lemma kernel_epsilon_central:
  assumes z: "z \<in> kernel (Gr_Pq G) G (epsilon G)" and y: "y \<in> carrier (Gr_Pq G)"
  shows "z \<otimes>\<^bsub>Gr_Pq G\<^esub> y = y \<otimes>\<^bsub>Gr_Pq G\<^esub> z"
proof -
  interpret Q: group "Gr_Pq G" by (rule group_Gr_Pq)
  let ?C = "{y \<in> carrier (Gr_Pq G). z \<otimes>\<^bsub>Gr_Pq G\<^esub> y = y \<otimes>\<^bsub>Gr_Pq G\<^esub> z}"
  have zc: "z \<in> carrier (Gr_Pq G)" using z by (simp add: kernel_def)
  have "Pq_gen G ` carrier G \<subseteq> ?C"
  proof (rule image_subsetI)
    fix h assume h: "h \<in> carrier G"
    have "Pq_gen G h = z \<otimes>\<^bsub>Gr_Pq G\<^esub> Pq_gen G h \<otimes>\<^bsub>Gr_Pq G\<^esub> inv\<^bsub>Gr_Pq G\<^esub> z"
      using conj_Pq_gen[OF zc h] z h by (simp add: kernel_def)
    then have "z \<otimes>\<^bsub>Gr_Pq G\<^esub> Pq_gen G h = Pq_gen G h \<otimes>\<^bsub>Gr_Pq G\<^esub> z"
      using Q.inv_solve_right[of "Pq_gen G h" "z \<otimes>\<^bsub>Gr_Pq G\<^esub> Pq_gen G h" z] zc Pq_gen_in_carrier[OF h]
      by simp
    then show "Pq_gen G h \<in> ?C" using Pq_gen_in_carrier[OF h] by simp
  qed
  moreover obtain w where w: "w \<in> words (carrier G)" and "y = wclass (carrier G) (Pq_rels G) w"
    using y by (auto simp: Gr_Pq_eq_presentation carrier_presentation)
  then have "y = weval (Gr_Pq G) (Pq_gen G) w" by (simp add: Gr_Pq_eq_presentation weval_gen)
  ultimately have "y \<in> ?C" using Q.weval_in_subgroup[OF Q.subgroup_commutant[OF zc] _ w] by simp
  then show ?thesis by simp
qed

end

section \<open>A section of \<open>\<epsilon>\<close> over \<open>Gr(P)\<close>\<close>

context
  fixes P :: "'a set" and op :: "'a \<Rightarrow> 'a \<Rightarrow> 'a" and pw :: "int \<Rightarrow> 'a \<Rightarrow> 'a" and e :: 'a
begin

abbreviation \<tau> :: "'a \<Rightarrow> 'a word set word set" where
  "\<tau> a \<equiv> Pq_gen (Gr P op pw e) (\<sigma> P op pw e a)"

lemma Gr_gen_Pq_gen_relations:
  shows "\<tau> ` P \<subseteq> carrier (Gr_Pq (Gr P op pw e))"
    and "\<And>a b. a \<in> P \<Longrightarrow> b \<in> P \<Longrightarrow> op a b \<in> P \<Longrightarrow>
      \<tau> (op a b) = \<tau> a \<otimes>\<^bsub>Gr_Pq (Gr P op pw e)\<^esub> \<tau> b \<otimes>\<^bsub>Gr_Pq (Gr P op pw e)\<^esub> inv\<^bsub>Gr_Pq (Gr P op pw e)\<^esub> \<tau> a"
    and "\<And>n a. a \<in> P \<Longrightarrow> pw n a \<in> P \<Longrightarrow> \<tau> (pw n a) = \<tau> a [^]\<^bsub>Gr_Pq (Gr P op pw e)\<^esub> n"
    and "e \<in> P \<Longrightarrow> \<tau> e = \<one>\<^bsub>Gr_Pq (Gr P op pw e)\<^esub>"
proof -
  interpret Gr: group "Gr P op pw e" by (rule group_Gr)
  show "\<tau> ` P \<subseteq> carrier (Gr_Pq (Gr P op pw e))"
    by (auto intro: Gr.Pq_gen_in_carrier Gr_gen_in_carrier)
  show "\<tau> (op a b) = \<tau> a \<otimes>\<^bsub>Gr_Pq (Gr P op pw e)\<^esub> \<tau> b \<otimes>\<^bsub>Gr_Pq (Gr P op pw e)\<^esub> inv\<^bsub>Gr_Pq (Gr P op pw e)\<^esub> \<tau> a"
    if "a \<in> P" "b \<in> P" "op a b \<in> P" for a b
    using that by (simp add: Gr_gen_op Gr.Pq_gen_conj Gr_gen_in_carrier)
  show "\<tau> (pw n a) = \<tau> a [^]\<^bsub>Gr_Pq (Gr P op pw e)\<^esub> n" if "a \<in> P" "pw n a \<in> P" for n a
    using that by (simp add: Gr_gen_pw Gr.Pq_gen_pow Gr_gen_in_carrier)
  show "e \<in> P \<Longrightarrow> \<tau> e = \<one>\<^bsub>Gr_Pq (Gr P op pw e)\<^esub>"
    by (simp add: Gr_gen_e Gr.Pq_gen_one)
qed

definition Gr_section :: "'a word set \<Rightarrow> 'a word set word set" where
  "Gr_section = pres_lift (Gr_Pq (Gr P op pw e)) \<tau>"

lemma Gr_section_hom: "Gr_section \<in> hom (Gr P op pw e) (Gr_Pq (Gr P op pw e))"
proof -
  interpret Gr: group "Gr P op pw e" by (rule group_Gr)
  show ?thesis
    unfolding Gr_section_def
    using Gr.group_Gr_Pq Gr_gen_Pq_gen_relations by (rule Gr_lift_hom)
qed

lemma epsilon_Gr_section:
  assumes x: "x \<in> carrier (Gr P op pw e)"
  shows "epsilon (Gr P op pw e) (Gr_section x) = x"
proof -
  interpret Gr: group "Gr P op pw e" by (rule group_Gr)
  from x obtain w where w: "w \<in> words P" and x_eq: "x = wclass P (Gr_rels P op pw e) w"
    by (auto simp: Gr_def carrier_presentation)
  have "Gr_section x = weval (Gr_Pq (Gr P op pw e)) \<tau> w"
    unfolding Gr_section_def x_eq
    using Gr.group_Gr_Pq Gr_gen_Pq_gen_relations w by (rule Gr_lift_wclass)
  then have "epsilon (Gr P op pw e) (Gr_section x) = weval (Gr P op pw e) (epsilon (Gr P op pw e) \<circ> \<tau>) w"
    by (simp only: hom_weval[OF Gr.group_Gr_Pq group_Gr Gr.epsilon_hom Gr_gen_Pq_gen_relations(1) w])
  also have "\<dots> = weval (Gr P op pw e) (\<sigma> P op pw e) w"
    using w by (rule weval_cong) (simp add: Gr.epsilon_Pq_gen Gr_gen_in_carrier)
  finally show ?thesis using w x_eq by (simp add: weval_Gr_gen)
qed

end

theorem mainTheorem13:
  fixes P :: "'a set" and op :: "'a \<Rightarrow> 'a \<Rightarrow> 'a" and pw :: "int \<Rightarrow> 'a \<Rightarrow> 'a" and e :: 'a
  assumes "power_quandle P op pw e"
  shows "Gr_Pq (Gr P op pw e) \<cong> (Gr P op pw e) \<times>\<times> A_grp (Gr P op pw e)"
proof -
  interpret Gr: group "Gr P op pw e" by (rule group_Gr)
  show ?thesis
    unfolding A_grp_def
    by (rule iso_DirProd_kernel_if_central_section[OF Gr.group_Gr_Pq group_Gr
          Gr.epsilon_hom Gr_section_hom epsilon_Gr_section Gr.kernel_epsilon_central])
qed

end
lemma length_chain_ballots_le: "length (chain_ballots k M d) \<le> k ^ 3 + k"
  unfolding length_chain_ballots by (cases k) (simp_all add: power3_eq_cube algebra_simps)

lemma sum_list_chain_ballots:
  fixes h :: "nat set \<Rightarrow> real"
  shows "(\<Sum>B\<leftarrow>chain_ballots k M d. h B)
     = (\<Sum>q<k. \<Sum>r<k. h ({..<q} \<union> {k + s |s. s < M \<and> r < d s (Suc q)}))
       + (\<Sum>f<k - 1. real (k * k + 1) * h {f})"
  by (simp add: chain_ballots_def sum_list_map_concat sum_list_replicate comp_def
      interv_sum_list_conv_sum_set_nat atLeast0LessThan) (simp add: algebra_simps)

lemma pavsc_chain_ballots:
  assumes "t < M" "\<forall>j\<in>{1..k}. d t j \<le> k"
  shows "pavsc (length (chain_ballots k M d)) (profile_of_list (chain_ballots k M d)) (insert (k + t) {..<k - 1})
       = (\<Sum>q<k. real k * harm q) + real (k - 1) * real (k * k + 1) + frac_sum k (d t)"
proof -
  define W where "W = insert (k + t) {..<k - 1}"
  have value_ballot: "harm (card (({..<q} \<union> {k + s |s. s < M \<and> r < d s (Suc q)}) \<inter> W))
      = harm q + (if r < d t (Suc q) then 1 / real (Suc q) else 0)" if "q < k" for q r
  proof -
    have "({..<q} \<union> {k + s |s. s < M \<and> r < d s (Suc q)}) \<inter> W
        = {..<q} \<union> (if r < d t (Suc q) then {k + t} else {})"
      using that \<open>t < M\<close> unfolding W_def by auto
    then show ?thesis
      using that by (simp add: harm_Suc inverse_eq_divide)
  qed
  have value_row: "(\<Sum>r<k. if r < d t (Suc q) then 1 / real (Suc q) else 0) = real (d t (Suc q)) / real (Suc q)"
    if "q < k" for q
    using that assms(2) by (simp add: sum_lessThan_indicator_less)
  have value_blocks: "(\<Sum>q<k. \<Sum>r<k. harm (card (({..<q} \<union> {k + s |s. s < M \<and> r < d s (Suc q)}) \<inter> W)))
      = (\<Sum>q<k. real k * harm q + real (d t (Suc q)) / real (Suc q))"
    by (intro sum.cong refl) (simp add: value_ballot value_row sum.distrib)
  have "{f} \<inter> W = {f}" if "f < k - 1" for f
    using that unfolding W_def by auto
  then have anchors: "(\<Sum>f<k - 1. real (k * k + 1) * harm (card ({f} \<inter> W))) = real (k - 1) * real (k * k + 1)"
    by (simp add: harm_expand)
  show ?thesis
    unfolding pavsc_profile_of_list sum_list_chain_ballots W_def[symmetric] value_blocks anchors
    by (simp add: sum.distrib frac_sum_conv_sum_lessThan)
qed

lemma pav_delta_chain_ballots_frozen:
  assumes "finite W" "{..<k - 1} \<subseteq> W" "a < k - 1" "b \<notin> W"
  shows "pav_delta (length (chain_ballots k M d)) (profile_of_list (chain_ballots k M d)) W a b < 0"
proof -
  define \<Delta> where "\<Delta> B = harm (card (B \<inter> insert b (W - {a}))) - (harm (card (B \<inter> W)) :: real)" for B
  have "\<Delta> B \<le> 1" for B
    using harm_card_swap_le[OF assms(1)] unfolding \<Delta>_def by (simp add: algebra_simps)
  then have value_part: "(\<Sum>q<k. \<Sum>r<k. \<Delta> ({..<q} \<union> {k + s |s. s < M \<and> r < d s (Suc q)})) \<le> (\<Sum>q<k. \<Sum>r<k. 1)"
    by (intro sum_mono)
  have "\<Delta> {f} = (if f = a then -1 else 0)" if "f < k - 1" for f
  proof -
    have "{f} \<inter> insert b (W - {a}) = (if f = a then {} else {f})" "{f} \<inter> W = {f}"
      using that assms by auto
    then show ?thesis
      unfolding \<Delta>_def by (simp add: harm_expand)
  qed
  then have "(\<Sum>f<k - 1. real (k * k + 1) * \<Delta> {f}) = (\<Sum>f<k - 1. if f = a then - real (k * k + 1) else 0)"
    by (intro sum.cong refl) simp
  also have "\<dots> = - real (k * k + 1)"
    using assms(3) by simp
  finally have anchor_part: "(\<Sum>f<k - 1. real (k * k + 1) * \<Delta> {f}) = - real (k * k + 1)" .
  show ?thesis
    unfolding pav_delta_profile_of_list sum_list_chain_ballots \<Delta>_def[symmetric] anchor_part
    using value_part by simp
qed

lemma approval_election_chain_ballots:
  "approval_election (length (chain_ballots k M d)) ({..<k - 1} \<union> (\<lambda>s. k + s) ` {..<M})
     (profile_of_list (chain_ballots k M d)) k"
proof -
  have "B \<subseteq> {..<k - 1} \<union> (\<lambda>s. k + s) ` {..<M}" if "B \<in> set (chain_ballots k M d)" for B
    using that unfolding chain_ballots_def by auto
  moreover have "chain_ballots k M d ! (v - 1) \<in> set (chain_ballots k M d)"
    if "v \<in> {1..length (chain_ballots k M d)}" for v
    using that by (intro nth_mem) auto
  ultimately show ?thesis
    unfolding approval_election_def profile_of_list_def by auto
qed

lemma improving_chain_chain_ballots:
  assumes d_le: "\<And>s. s < M \<Longrightarrow> \<forall>j\<in>{1..k}. d s j \<le> k"
    and increasing: "\<And>s t. s < t \<Longrightarrow> t < M \<Longrightarrow> frac_sum k (d s) < frac_sum k (d t)"
  shows "improving_chain (length (chain_ballots k M d)) (profile_of_list (chain_ballots k M d))
           {..<k - 1} (\<lambda>s. k + s) M"
proof
  show "strict_mono (\<lambda>s. k + s)"
    by (rule strict_monoI) simp
  show "pav_delta (length (chain_ballots k M d)) (profile_of_list (chain_ballots k M d))
      (insert (k + t) {..<k - 1}) a b \<le> 0"
    if "a \<in> {..<k - 1}" "b \<notin> insert (k + t) {..<k - 1}" for t a b
    by (rule less_imp_le, rule pav_delta_chain_ballots_frozen) (use that in auto)
  show "pavsc (length (chain_ballots k M d)) (profile_of_list (chain_ballots k M d)) (insert (k + s) {..<k - 1})
      < pavsc (length (chain_ballots k M d)) (profile_of_list (chain_ballots k M d)) (insert (k + t) {..<k - 1})"
    if "s < t" "t < M" for s t
  proof -
    have "s < M"
      using that by simp
    then show ?thesis
      unfolding pavsc_chain_ballots[where d = d, OF \<open>s < M\<close> d_le[OF \<open>s < M\<close>]]
        pavsc_chain_ballots[where d = d, OF \<open>t < M\<close> d_le[OF \<open>t < M\<close>]]
      using increasing[OF that] by simp
  qed
qed simp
# # # # # # #
What is needed —
For this exercise, please copy exactly the lines of the material above from its first line through the line where "interpret Q: group" appears.

Result of this exercise —
lemma kernel_epsilon_central:
  assumes z: "z \<in> kernel (Gr_Pq G) G (epsilon G)" and y: "y \<in> carrier (Gr_Pq G)"
  shows "z \<otimes>\<^bsub>Gr_Pq G\<^esub> y = y \<otimes>\<^bsub>Gr_Pq G\<^esub> z"
proof -
  interpret Q: group "Gr_Pq G" by (rule group_Gr_Pq)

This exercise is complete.